**What you will do:** In the listing below, locate the line containing "Y\<^sub>1 t n)" and the line containing "unfolding Z\<^sub>2_def using". Output both of them and every line between, exactly as written, and nothing more.

**Dataset entries:**
lemma card_quadratic_roots:
  fixes a b c :: 'a
  assumes "a \<noteq> 0" and "b \<noteq> 0"
  shows "int (card {y. a * y^2 + b * y + c = 0}) = 1 + chi n (a * c / b^2)"
proof -
  have root_iff: "a * y^2 + b * y + c = 0 \<longleftrightarrow> (a * y / b)^2 + a * y / b + a * c / b^2 = 0" for y
  proof -
    have "(a * y / b)^2 + a * y / b + a * c / b^2 = a / b^2 * (a * y^2 + b * y + c)"
      using assms by (simp add: field_simps power2_eq_square)
    with assms show ?thesis by simp
  qed
  have "{y. a * y^2 + b * y + c = 0} = (\<lambda>z. b * z / a) ` {z. z^2 + z + a * c / b^2 = 0}"
    using assms by (auto simp: root_iff intro!: image_eqI[where x = "a * _ / b"])
  moreover have "inj (\<lambda>z. b * z / a)"
    using assms by (auto intro: injI)
  ultimately show ?thesis
    by (simp add: card_image inj_on_subset card_artin_schreier_roots)
qed

text \<open>The junk value \<open>x / 0 = 0\<close> makes the formula uniform: for \<open>v = A\<close> the quadratic
  degenerates to \<open>A (y + t)\<^sup>2 = 0\<close> with the single root \<open>t\<close>, and \<open>chi n (v t / 0) = 1\<close>.\<close>
lemma card_linear_div_quadratic_fibre:
  fixes A t v :: 'a
  assumes A: "A \<noteq> 0" and t: "t \<noteq> 0"
  shows "int (card {y. A * y / (y^2 + y + t^2) = v})
    = 1 + chi n (v * t / (v + A)) + (if v = 0 then chi n t else 0) - (if v = A then 1 else 0)"
proof -
  consider "v = 0" | "v = A" | "v \<noteq> 0" "v \<noteq> A" by blast
  then show ?thesis
  proof cases
    case 1
    have "0 \<notin> {y. y^2 + y + t^2 = 0}" using t by simp
    then have "int (card {y. A * y / (y^2 + y + t^2) = v}) = 1 + int (card {y. y^2 + y + t^2 = 0})"
      unfolding 1 Collect_linear_div_quadratic_eq_0[OF A] by simp
    also have "\<dots> = 2 + chi n t"
      by (simp add: card_artin_schreier_roots chi_power2[OF card_UNIV])
    finally show ?thesis by (simp add: 1 A)
  next
    case 2
    have "A * y^2 + (A + A) * y + A * t^2 = 0 \<longleftrightarrow> y = t" for y
      using A by (simp add: char2_add_self[OF char2] flip: distrib_left char2_power2_add[OF char2])
        (simp add: char2_add_eq_0_iff[OF char2])
    then have "{y. A * y / (y^2 + y + t^2) = v} = {t}"
      using 2 A t by (auto simp: linear_div_quadratic_eq_iff[OF char2])
    then show ?thesis using 2 A by (simp add: char2_add_self[OF char2])
  next
    case 3
    then have "v + A \<noteq> 0" by (simp add: char2_add_eq_0_iff[OF char2])
    have "{y. A * y / (y^2 + y + t^2) = v} = {y. v * y^2 + (v + A) * y + v * t^2 = 0}"
      using 3 A t by (simp add: linear_div_quadratic_eq_iff[OF char2])
    then have "int (card {y. A * y / (y^2 + y + t^2) = v}) = 1 + chi n (v * (v * t^2) / (v + A)^2)"
      using card_quadratic_roots[OF \<open>v \<noteq> 0\<close> \<open>v + A \<noteq> 0\<close>] by simp
    also have "v * (v * t^2) / (v + A)^2 = (v * t / (v + A))^2"
      by (simp add: power2_eq_square field_simps)
    finally show ?thesis using 3 by (simp add: chi_power2[OF card_UNIV])
  qed
qed
lemma row_equiv_last_col_first_two:
  assumes "sr_cond R 2" and Y: "is_mat R (Suc n) Y" and "2 \<le> n"
    and "unimodular R (Suc n) (\<lambda>i. Y i n)"
  shows "\<exists>Z u v. row_equiv R (Suc n) Y Z \<and> u \<in> carrier R \<and> v \<in> carrier R \<and>
    u \<otimes> Z 0 n \<oplus> v \<otimes> Z 1 n = \<one>"
proof -
  let ?m = "Suc n"
  obtain f t\<^sub>0 t\<^sub>1 u v where f: "\<And>t. f t \<in> carrier R" "f 0 = \<zero>" "f 1 = \<zero>"
    and t: "t\<^sub>0 \<in> carrier R" "t\<^sub>1 \<in> carrier R" "u \<in> carrier R" "v \<in> carrier R"
    and uv: "u \<otimes> (Y 0 n \<oplus> t\<^sub>0 \<otimes> (\<Oplus>t\<in>{..<?m}. f t \<otimes> Y t n)) \<oplus>
      v \<otimes> (Y 1 n \<oplus> t\<^sub>1 \<otimes> (\<Oplus>t\<in>{..<?m}. f t \<otimes> Y t n)) = \<one>"
    using sr_cond_2_shorten[OF assms(1,4,3)] by blast
  define x where "x = (\<Oplus>t\<in>{..<?m}. f t \<otimes> Y t n)"
  have sum_f: "(\<Oplus>t\<in>{..<?m}. (c \<otimes> f t) \<otimes> Z t n) = c \<otimes> x"
    if "c \<in> carrier R" "\<And>t. t \<noteq> 0 \<Longrightarrow> t \<noteq> 1 \<Longrightarrow> Z t n = Y t n" "\<And>t. Z t n \<in> carrier R" for c Z
  proof -
    have "(c \<otimes> f t) \<otimes> Z t n = c \<otimes> (f t \<otimes> Y t n)" for t
      using that f Y by (cases "t = 0 \<or> t = 1") (auto simp: m_assoc)
    then have "(\<Oplus>t\<in>{..<?m}. (c \<otimes> f t) \<otimes> Z t n) = (\<Oplus>t\<in>{..<?m}. c \<otimes> (f t \<otimes> Y t n))"
      using that f Y by (intro finsum_cong') auto
    also have "\<dots> = c \<otimes> x"
      unfolding x_def using that f Y by (intro finsum_rdistr[symmetric]) (auto simp: Pi_def)
    finally show ?thesis .
  qed
  define Y\<^sub>1 where "Y\<^sub>1 = (\<lambda>k l. if k = 0 \<and> l < ?m then Y 0 l \<oplus> (\<Oplus>t\<in>{..<?m}. (t\<^sub>0 \<otimes> f t) \<otimes> Y t l) else Y k l)"
  have Y\<^sub>1: "row_equiv R ?m Y Y\<^sub>1"
    unfolding Y\<^sub>1_def using t f by (intro row_equiv_add_rows[OF Y]) auto
  have Y\<^sub>1_mat: "is_mat R ?m Y\<^sub>1"
    using is_mat_row_equiv[OF Y Y\<^sub>1] .
  define Y\<^sub>2 where "Y\<^sub>2 = (\<lambda>k l. if k = 1 \<and> l < ?m then Y\<^sub>1 1 l \<oplus> (\<Oplus>t\<in>{..<?m}. (t\<^sub>1 \<otimes> f t) \<otimes> Y\<^sub>1 t l) else Y\<^sub>1 k l)"
  have Y\<^sub>2: "row_equiv R ?m Y\<^sub>1 Y\<^sub>2"
    unfolding Y\<^sub>2_def using t f \<open>2 \<le> n\<close> by (intro row_equiv_add_rows[OF Y\<^sub>1_mat]) auto
  have "Y\<^sub>1 0 n = Y 0 n \<oplus> t\<^sub>0 \<otimes> x"
    using sum_f[of "t\<^sub>0" Y] t Y by (simp add: Y\<^sub>1_def)
  moreover have "(\<Oplus>t\<in>{..<?m}. (t\<^sub>1 \<otimes> f t) \<otimes> Y\<^sub>1 t n) = t\<^sub>1 \<otimes> x"
  proof (rule sum_f[OF t(2)])
    show "Y\<^sub>1 t n \<in> carrier R" for t
      using Y\<^sub>1_mat by simp
  qed (simp add: Y\<^sub>1_def)
  ultimately have "Y\<^sub>2 0 n = Y 0 n \<oplus> t\<^sub>0 \<otimes> x" "Y\<^sub>2 1 n = Y 1 n \<oplus> t\<^sub>1 \<otimes> x"
    by (simp_all add: Y\<^sub>2_def Y\<^sub>1_def)
  then have "u \<otimes> Y\<^sub>2 0 n \<oplus> v \<otimes> Y\<^sub>2 1 n = \<one>"
    using uv by (simp add: x_def)
  then show ?thesis
    using row_equiv_trans[OF Y Y\<^sub>1 Y\<^sub>2] t by blast
qed

lemma row_equiv_last_col_unit:
  assumes "sr_cond R 2" and Y: "is_mat R (Suc n) Y" and "2 \<le> n"
    and "unimodular R (Suc n) (\<lambda>i. Y i n)"
  shows "\<exists>Z. row_equiv R (Suc n) Y Z \<and> (\<forall>k<n. Z k n = \<zero>) \<and> Z n n = \<one>"
proof -
  let ?m = "Suc n"
  obtain Z u v where Z: "row_equiv R ?m Y Z" and uv: "u \<in> carrier R" "v \<in> carrier R"
    and "u \<otimes> Z 0 n \<oplus> v \<otimes> Z 1 n = \<one>"
    using row_equiv_last_col_first_two[OF assms] by blast
  have Z_mat: "is_mat R ?m Z"
    using is_mat_row_equiv[OF Y Z] .
  define e where "e = \<one> \<ominus> Z n n"
  have e: "e \<in> carrier R"
    using Z_mat by (simp add: e_def)
  define Z\<^sub>1 where "Z\<^sub>1 = (\<lambda>k l. if k = n \<and> l < ?m then Z n l \<oplus> (e \<otimes> u) \<otimes> Z 0 l else Z k l)"
  have Z\<^sub>1: "row_equiv R ?m Z Z\<^sub>1"
    unfolding Z\<^sub>1_def using \<open>2 \<le> n\<close> e uv by (intro row_equiv_add_row[OF Z_mat]) auto
  have Z\<^sub>1_mat: "is_mat R ?m Z\<^sub>1"
    using is_mat_row_equiv[OF Z_mat Z\<^sub>1] .
  define Z\<^sub>2 where "Z\<^sub>2 = (\<lambda>k l. if k = n \<and> l < ?m then Z\<^sub>1 n l \<oplus> (e \<otimes> v) \<otimes> Z\<^sub>1 1 l else Z\<^sub>1 k l)"
  have Z\<^sub>2: "row_equiv R ?m Z\<^sub>1 Z\<^sub>2"
    unfolding Z\<^sub>2_def using \<open>2 \<le> n\<close> e uv by (intro row_equiv_add_row[OF Z\<^sub>1_mat]) auto
  have carrier: "Z n n \<in> carrier R" "Z 0 n \<in> carrier R" "Z 1 n \<in> carrier R"
    using Z_mat by auto
  have "Z\<^sub>2 n n = Z n n \<oplus> (e \<otimes> u) \<otimes> Z 0 n \<oplus> (e \<otimes> v) \<otimes> Z 1 n"
    using \<open>2 \<le> n\<close> by (simp add: Z\<^sub>2_def Z\<^sub>1_def)
  also have "\<dots> = Z n n \<oplus> e \<otimes> (u \<otimes> Z 0 n \<oplus> v \<otimes> Z 1 n)"
    using carrier e uv by algebra
  also have "\<dots> = \<one>"
    unfolding \<open>u \<otimes> Z 0 n \<oplus> v \<otimes> Z 1 n = \<one>\<close> e_def using carrier by algebra
  finally obtain W where W: "row_equiv R ?m Z\<^sub>2 W" "\<forall>k<n. W k n = \<zero>" "W n n = \<one>"
    using row_equiv_clear_last_col[OF is_mat_row_equiv[OF Z\<^sub>1_mat Z\<^sub>2]] by blast
  have "row_equiv R ?m Y Z\<^sub>2"
    using row_equiv_trans[OF Y row_equiv_trans[OF Y Z Z\<^sub>1] Z\<^sub>2] .
  then show ?thesis
    using row_equiv_trans[OF Y _ W(1)] W(2,3) by blast
qed
(* Let $X$ be a topological space, let $Y$ be a functionally Hausdorff space, let $S$ be a dense subset of $X$ and let $f:S\to Y$ be continuous. Then the following are equivalent: (1) $f$ has a continuous extension to $X$; (2) for every family $\{A_\beta\}$ of closed subsets of $Y$ with $\bigcap_\beta A_\beta=\emptyset$ one has $\bigcap_\beta\overline{f^{-1}(A_\beta)}=\emptyset$ (closures in $X$), and for every open set $V$ of $Y$ the set $X_{\theta^\omega}(f^{-1}(V))$ is open in $X$.
   Context: A space is functionally Hausdorff if any two distinct points can be separated by a continuous real-valued function. $\mathcal N(x)$ is the set of open neighborhoods of $x$ in $X$. For a subset $A$ of $Y$ and an ordinal $\alpha>0$, an $\alpha$-hull of $A$ is an open set $U\supseteq A$ for which there exists a family $\{U_\beta\}_{\beta\le\alpha}$ of open sets containing $A$ with $\mathrm{cl}\,U_\beta\subseteq U_{\beta+1}$ whenever $\beta+1\le\alpha$ and $U=U_\alpha=\bigcup_{\beta\le\alpha}U_\beta$. For $M\subseteq Y$, $\mathrm{cl}_{\theta^\omega}M$ is the set of $y\in Y$ such that every $\omega$-hull $U$ of $y$ satisfies $\mathrm{cl}\,U\cap M\neq\emptyset$. For $V\subseteq Y$, $X_{\theta^\omega}(f^{-1}(V))$ is the set of points $x\in X$ with $\bigcap\{\mathrm{cl}_{\theta^\omega} f(P\cap S):P\in\mathcal N(x)\}\subseteq V$. *)

theory Defs
  imports "HOL-Analysis.Analysis"
begin

definition functionally_hausdorff :: "'a topology \<Rightarrow> bool" where
  "functionally_hausdorff Y \<longleftrightarrow>
     (\<forall>x\<in>topspace Y. \<forall>y\<in>topspace Y. x \<noteq> y \<longrightarrow>
        (\<exists>g. continuous_map Y euclideanreal g \<and> g x \<noteq> g y))"

text \<open>An omega-hull of A: the family indexed by ordinals beta \<le> omega is given by
  Us n (n < omega) and Uom (beta = omega).\<close>
definition omega_hull :: "'a topology \<Rightarrow> 'a set \<Rightarrow> 'a set \<Rightarrow> bool" where
  "omega_hull Y A U \<longleftrightarrow>
     (\<exists>Us Uom. (\<forall>n. openin Y (Us n) \<and> A \<subseteq> Us n) \<and> openin Y Uom \<and> A \<subseteq> Uom \<and>
        (\<forall>n::nat. Y closure_of (Us n) \<subseteq> Us (Suc n)) \<and>
        U = Uom \<and> U = (\<Union>n. Us n) \<union> Uom)"

definition closure_theta_omega :: "'a topology \<Rightarrow> 'a set \<Rightarrow> 'a set" where
  "closure_theta_omega Y M =
     {y \<in> topspace Y. \<forall>U. omega_hull Y {y} U \<longrightarrow> Y closure_of U \<inter> M \<noteq> {}}"

definition X_theta_omega :: "'a topology \<Rightarrow> 'b topology \<Rightarrow> 'a set \<Rightarrow> ('a \<Rightarrow> 'b) \<Rightarrow> 'b set \<Rightarrow> 'a set" where
  "X_theta_omega X Y S f V =
     {x \<in> topspace X.
        (\<Inter>P\<in>{P. openin X P \<and> x \<in> P}. closure_theta_omega Y (f ` (P \<inter> S))) \<subseteq> V}"

end

theory Submission
  imports Defs
begin

text \<open>The extension is forced: at \<open>x\<close> it must be the unique point of the cluster set
  \<open>K x = \<Inter>{cl\<^sub>\<theta>\<^sub>\<omega> f(P \<inter> S) | P open, x \<in> P}\<close>, and \<open>X\<^sub>\<theta>\<^sub>\<omega>(f\<^sup>-\<^sup>1 V) = {x. K x \<subseteq> V}\<close> is
  then the preimage of \<open>V\<close>. A real function separating two points of \<open>Y\<close> yields
  \<open>\<omega>\<close>-hulls of them (strict sublevel sets with levels increasing towards a bound) whose
  closures lie in disjoint closed sets; the intersection condition, applied to such a pair,
  forbids two points in one \<open>K x\<close>, and applied to the closures of the sets \<open>f(P \<inter> S)\<close>
  guarantees some point in \<open>K x\<close>.\<close>

lemma omega_hull_openin: "omega_hull Y A U \<Longrightarrow> openin Y U \<and> A \<subseteq> U"
  unfolding omega_hull_def by blast
(* Let the data be generated by the linear-Gaussian model in the context, with $c_1\neq0$, $c_2\neq0$ and $\sigma_t>0$. Then, writing $\mathrm{Var},\mathrm{Cov}$ for (co)variances under the observed joint distribution of $(x_1,x_2,t,y)$, one has $\mathrm{Var}(t)\mathrm{Cov}(x_1,x_2)-\mathrm{Cov}(x_1,t)\mathrm{Cov}(x_2,t)\neq 0$, $$c_{yt}=\frac{\mathrm{Cov}(t,y)\,\mathrm{Cov}(x_1,x_2)-\mathrm{Cov}(x_2,y)\,\mathrm{Cov}(x_1,t)}{\mathrm{Var}(t)\,\mathrm{Cov}(x_1,x_2)-\mathrm{Cov}(x_1,t)\,\mathrm{Cov}(x_2,t)},$$ and for every $t\in\mathbb R$ the interventional distribution is $p(y\mid do(t))=\mathcal N\big(c_{yt}\,t,\ \sigma_y^2+c_{yz}^2\big)$, where $\sigma_y^2+c_{yz}^2=\mathrm{Var}(y)-2c_{yt}\mathrm{Cov}(t,y)+c_{yt}^2\mathrm{Var}(t)$. In particular $p(y\mid do(t))$ is determined by the covariance matrix of the observed variables.
   Context: Linear-Gaussian data generating model: $z\sim\mathcal N(0,1)$ is an unobserved confounder; given $z$, the observed variables are independent draws $x_1\mid z\sim\mathcal N(c_1 z,\sigma_1^2)$, $x_2\mid z\sim\mathcal N(c_2 z,\sigma_2^2)$, $t\mid z\sim\mathcal N(c_t z,\sigma_t^2)$, and $y\mid z,t\sim\mathcal N(c_{yz}z+c_{yt}t,\sigma_y^2)$, where $c_\cdot\in\mathbb R$ and $\sigma_\cdot>0$ are fixed parameters. Only $(x_1,x_2,t,y)$ is observed. The interventional distribution is defined by $p(y\mid do(t))=\int p(y\mid z,t)\,p(z)\,dz$. *)

theory Defs
  imports "HOL-Probability.Probability"
begin

text \<open>Joint density of the full (latent + observed) vector (z, x1, x2, t, y) of the
linear-Gaussian model: z ~ N(0,1); given z, x1, x2, t are independent with
x1 ~ N(c1 z, s1^2), x2 ~ N(c2 z, s2^2), t ~ N(ct z, st^2); y given (z,t) ~ N(cyz z + cyt t, sy^2).
normal_density mu sigma is the N(mu, sigma^2) density.\<close>

definition lg_joint_density ::
  "real \<Rightarrow> real \<Rightarrow> real \<Rightarrow> real \<Rightarrow> real \<Rightarrow> real \<Rightarrow> real \<Rightarrow> real \<Rightarrow> real \<Rightarrow>
   real \<times> real \<times> real \<times> real \<times> real \<Rightarrow> real" where
  "lg_joint_density c1 s1 c2 s2 ct st cyz cyt sy =
     (\<lambda>(z, x1, x2, t, y).
        normal_density 0 1 z * normal_density (c1 * z) s1 x1 * normal_density (c2 * z) s2 x2
        * normal_density (ct * z) st t * normal_density (cyz * z + cyt * t) sy y)"

definition lg_model ::
  "real \<Rightarrow> real \<Rightarrow> real \<Rightarrow> real \<Rightarrow> real \<Rightarrow> real \<Rightarrow> real \<Rightarrow> real \<Rightarrow> real \<Rightarrow>
   (real \<times> real \<times> real \<times> real \<times> real) measure" where
  "lg_model c1 s1 c2 s2 ct st cyz cyt sy =
     density lborel (\<lambda>w. ennreal (lg_joint_density c1 s1 c2 s2 ct st cyz cyt sy w))"

definition lg_observed ::
  "real \<Rightarrow> real \<Rightarrow> real \<Rightarrow> real \<Rightarrow> real \<Rightarrow> real \<Rightarrow> real \<Rightarrow> real \<Rightarrow> real \<Rightarrow>
   (real \<times> real \<times> real \<times> real) measure" where
  "lg_observed c1 s1 c2 s2 ct st cyz cyt sy =
     distr (lg_model c1 s1 c2 s2 ct st cyz cyt sy) borel (\<lambda>(z, x1, x2, t, y). (x1, x2, t, y))"

definition obs_x1 :: "real \<times> real \<times> real \<times> real \<Rightarrow> real" where "obs_x1 = (\<lambda>(x1, x2, t, y). x1)"
definition obs_x2 :: "real \<times> real \<times> real \<times> real \<Rightarrow> real" where "obs_x2 = (\<lambda>(x1, x2, t, y). x2)"
definition obs_t  :: "real \<times> real \<times> real \<times> real \<Rightarrow> real" where "obs_t  = (\<lambda>(x1, x2, t, y). t)"
definition obs_y  :: "real \<times> real \<times> real \<times> real \<Rightarrow> real" where "obs_y  = (\<lambda>(x1, x2, t, y). y)"

definition Cov :: "'a measure \<Rightarrow> ('a \<Rightarrow> real) \<Rightarrow> ('a \<Rightarrow> real) \<Rightarrow> real" where
  "Cov M X Y = (\<integral>w. (X w - (\<integral>v. X v \<partial>M)) * (Y w - (\<integral>v. Y v \<partial>M)) \<partial>M)"

definition Var :: "'a measure \<Rightarrow> ('a \<Rightarrow> real) \<Rightarrow> real" where
  "Var M X = Cov M X X"

definition do_density :: "real \<Rightarrow> real \<Rightarrow> real \<Rightarrow> real \<Rightarrow> real \<Rightarrow> real" where
  "do_density cyz cyt sy t y =
     (\<integral>z. normal_density (cyz * z + cyt * t) sy y * normal_density 0 1 z \<partial>lborel)"

end

theory Submission
  imports Defs
begin

text \<open>Conditionally on z the observed vector is a Gaussian chain (x1, x2, t independent, y affine
  in t), so integrating out y, t, x2, x1 and z in turn with the Gaussian second-moment formula
  gives the second moment of every affine functional of (x1, x2, t, y); the integrands
  (affine)^2 + K stay nonnegative, so Tonelli applies throughout. Polarization then yields all
  covariances: Cov(x1, x2) = c1 c2, Cov(xi, t) = ci ct, Var t = ct^2 + st^2,
  Cov(x2, y) = c2 (cyz + cyt ct) and Cov(t, y) = ct (cyz + cyt ct) + cyt st^2. The confounded
  terms cancel in the two determinants, which become c1 c2 st^2 and cyt c1 c2 st^2. The
  interventional density is a Gaussian convolution after the substitution u = cyz z.\<close>

lemma nn_integral_normal_density_affine_sq:
  assumes \<sigma>: "\<sigma> > 0" and K: "K \<ge> 0"
  shows "(\<integral>\<^sup>+u. ennreal (normal_density m \<sigma> u * ((p + q * u)\<^sup>2 + K)) \<partial>lborel)
    = ennreal ((p + q * m)\<^sup>2 + q\<^sup>2 * \<sigma>\<^sup>2 + K)"
proof -
  have mass: "has_bochner_integral lborel (normal_density m \<sigma>) 1"
    using normal_moment_even[OF \<sigma>, of m 0] by simp
  have first: "has_bochner_integral lborel (\<lambda>u. normal_density m \<sigma> u * (u - m)) 0"
    using normal_moment_odd[OF \<sigma>, of m 0] by simp
  have second: "has_bochner_integral lborel (\<lambda>u. normal_density m \<sigma> u * (u - m)\<^sup>2) (\<sigma>\<^sup>2)"
    using normal_moment_even[OF \<sigma>, of m 1] \<sigma> by (simp add: fact_numeral)
  have "has_bochner_integral lborel
     (\<lambda>u. ((p + q * m)\<^sup>2 + K) * normal_density m \<sigma> u
        + (2 * (p + q * m) * q) * (normal_density m \<sigma> u * (u - m))
        + q\<^sup>2 * (normal_density m \<sigma> u * (u - m)\<^sup>2))
     (((p + q * m)\<^sup>2 + K) * 1 + (2 * (p + q * m) * q) * 0 + q\<^sup>2 * \<sigma>\<^sup>2)"
    by (intro has_bochner_integral_add has_bochner_integral_mult_right mass first second)
  then have "has_bochner_integral lborel (\<lambda>u. normal_density m \<sigma> u * ((p + q * u)\<^sup>2 + K))
    ((p + q * m)\<^sup>2 + q\<^sup>2 * \<sigma>\<^sup>2 + K)"
    by (rule has_bochner_integral_cong[THEN iffD1, rotated 3]) (auto simp: power2_eq_square algebra_simps)
  then show ?thesis
    using K by (subst nn_integral_eq_integrable) (auto simp: has_bochner_integral_iff)
qed

lemma nn_integral_normal_density_fst_affine_sq:
  fixes G :: "real \<Rightarrow> 'b::euclidean_space \<Rightarrow> real"
  assumes \<sigma>: "\<sigma> > 0" and K: "K \<ge> 0"
    and G_measurable: "(\<lambda>w. G (fst w) (snd w)) \<in> borel_measurable borel"
    and G_nonneg: "\<And>u v. 0 \<le> G u v"
    and G_inner: "\<And>u. (\<integral>\<^sup>+v. ennreal (G u v) \<partial>lborel) = ennreal ((p + q * u)\<^sup>2 + K)"
  shows "(\<integral>\<^sup>+w. ennreal (normal_density m \<sigma> (fst w) * G (fst w) (snd w)) \<partial>lborel)
    = ennreal ((p + q * m)\<^sup>2 + q\<^sup>2 * \<sigma>\<^sup>2 + K)"
proof -
  have G_prod[measurable]: "(\<lambda>w. G (fst w) (snd w)) \<in> borel_measurable (lborel \<Otimes>\<^sub>M (lborel :: 'b measure))"
    using G_measurable by (simp add: lborel_prod)
  have [measurable]: "G u \<in> borel_measurable lborel" for u
    using measurable_Pair2[OF G_prod, of u] by simp
  have "(\<integral>\<^sup>+w. ennreal (normal_density m \<sigma> (fst w) * G (fst w) (snd w)) \<partial>lborel)
      = (\<integral>\<^sup>+u. \<integral>\<^sup>+v. ennreal (normal_density m \<sigma> u) * ennreal (G u v) \<partial>lborel \<partial>lborel)"
    by (simp add: lborel_prod[symmetric] lborel.nn_integral_fst[symmetric] ennreal_mult G_nonneg)
  also have "\<dots> = (\<integral>\<^sup>+u. ennreal (normal_density m \<sigma> u * ((p + q * u)\<^sup>2 + K)) \<partial>lborel)"
    by (simp add: nn_integral_cmult G_inner ennreal_mult K)
  also have "\<dots> = ennreal ((p + q * m)\<^sup>2 + q\<^sup>2 * \<sigma>\<^sup>2 + K)"
    using \<sigma> K by (rule nn_integral_normal_density_affine_sq)
  finally show ?thesis .
qed

lemma continuous_on_normal_density [continuous_intros]:
  "continuous_on S f \<Longrightarrow> continuous_on S g \<Longrightarrow> continuous_on S (\<lambda>x. normal_density (f x) \<sigma> (g x))"
  by (cases "\<sigma> = 0") (simp_all add: normal_density_def continuous_intros)

definition obs_lin :: "real \<Rightarrow> real \<Rightarrow> real \<Rightarrow> real \<Rightarrow> real \<Rightarrow> real \<times> real \<times> real \<times> real \<Rightarrow> real" where
  "obs_lin a0 b c d e = (\<lambda>(x1, x2, t, y). a0 + b * x1 + c * x2 + d * t + e * y)"

lemma obs_lin_add:
  "obs_lin a0 b c d e v + obs_lin a0' b' c' d' e' v = obs_lin (a0 + a0') (b + b') (c + c') (d + d') (e + e') v"
  by (simp add: obs_lin_def split_beta algebra_simps)

lemma obs_lin_diff:
  "obs_lin a0 b c d e v - obs_lin a0' b' c' d' e' v = obs_lin (a0 - a0') (b - b') (c - c') (d - d') (e - e') v"
  by (simp add: obs_lin_def split_beta algebra_simps)

lemma borel_measurable_obs_lin [measurable]: "obs_lin a0 b c d e \<in> borel_measurable borel"
  unfolding obs_lin_def split_beta by (intro borel_measurable_continuous_onI continuous_intros)

lemma obs_coordinates_eq_obs_lin:
  "obs_x1 = obs_lin 0 1 0 0 0" "obs_x2 = obs_lin 0 0 1 0 0" "obs_t = obs_lin 0 0 0 1 0" "obs_y = obs_lin 0 0 0 0 1"
  by (auto simp: obs_x1_def obs_x2_def obs_t_def obs_y_def obs_lin_def)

**Reply:**
  moreover have "(\<Oplus>t\<in>{..<?m}. (t\<^sub>1 \<otimes> f t) \<otimes> Y\<^sub>1 t n) = t\<^sub>1 \<otimes> x"
  proof (rule sum_f[OF t(2)])
    show "Y\<^sub>1 t n \<in> carrier R" for t
      using Y\<^sub>1_mat by simp
  qed (simp add: Y\<^sub>1_def)
  ultimately have "Y\<^sub>2 0 n = Y 0 n \<oplus> t\<^sub>0 \<otimes> x" "Y\<^sub>2 1 n = Y 1 n \<oplus> t\<^sub>1 \<otimes> x"
    by (simp_all add: Y\<^sub>2_def Y\<^sub>1_def)
  then have "u \<otimes> Y\<^sub>2 0 n \<oplus> v \<otimes> Y\<^sub>2 1 n = \<one>"
    using uv by (simp add: x_def)
  then show ?thesis
    using row_equiv_trans[OF Y Y\<^sub>1 Y\<^sub>2] t by blast
qed

lemma row_equiv_last_col_unit:
  assumes "sr_cond R 2" and Y: "is_mat R (Suc n) Y" and "2 \<le> n"
    and "unimodular R (Suc n) (\<lambda>i. Y i n)"
  shows "\<exists>Z. row_equiv R (Suc n) Y Z \<and> (\<forall>k<n. Z k n = \<zero>) \<and> Z n n = \<one>"
proof -
  let ?m = "Suc n"
  obtain Z u v where Z: "row_equiv R ?m Y Z" and uv: "u \<in> carrier R" "v \<in> carrier R"
    and "u \<otimes> Z 0 n \<oplus> v \<otimes> Z 1 n = \<one>"
    using row_equiv_last_col_first_two[OF assms] by blast
  have Z_mat: "is_mat R ?m Z"
    using is_mat_row_equiv[OF Y Z] .
  define e where "e = \<one> \<ominus> Z n n"
  have e: "e \<in> carrier R"
    using Z_mat by (simp add: e_def)
  define Z\<^sub>1 where "Z\<^sub>1 = (\<lambda>k l. if k = n \<and> l < ?m then Z n l \<oplus> (e \<otimes> u) \<otimes> Z 0 l else Z k l)"
  have Z\<^sub>1: "row_equiv R ?m Z Z\<^sub>1"
    unfolding Z\<^sub>1_def using \<open>2 \<le> n\<close> e uv by (intro row_equiv_add_row[OF Z_mat]) auto
  have Z\<^sub>1_mat: "is_mat R ?m Z\<^sub>1"
    using is_mat_row_equiv[OF Z_mat Z\<^sub>1] .
  define Z\<^sub>2 where "Z\<^sub>2 = (\<lambda>k l. if k = n \<and> l < ?m then Z\<^sub>1 n l \<oplus> (e \<otimes> v) \<otimes> Z\<^sub>1 1 l else Z\<^sub>1 k l)"
  have Z\<^sub>2: "row_equiv R ?m Z\<^sub>1 Z\<^sub>2"
    unfolding Z\<^sub>2_def using \<open>2 \<le> n\<close> e uv by (intro row_equiv_add_row[OF Z\<^sub>1_mat]) auto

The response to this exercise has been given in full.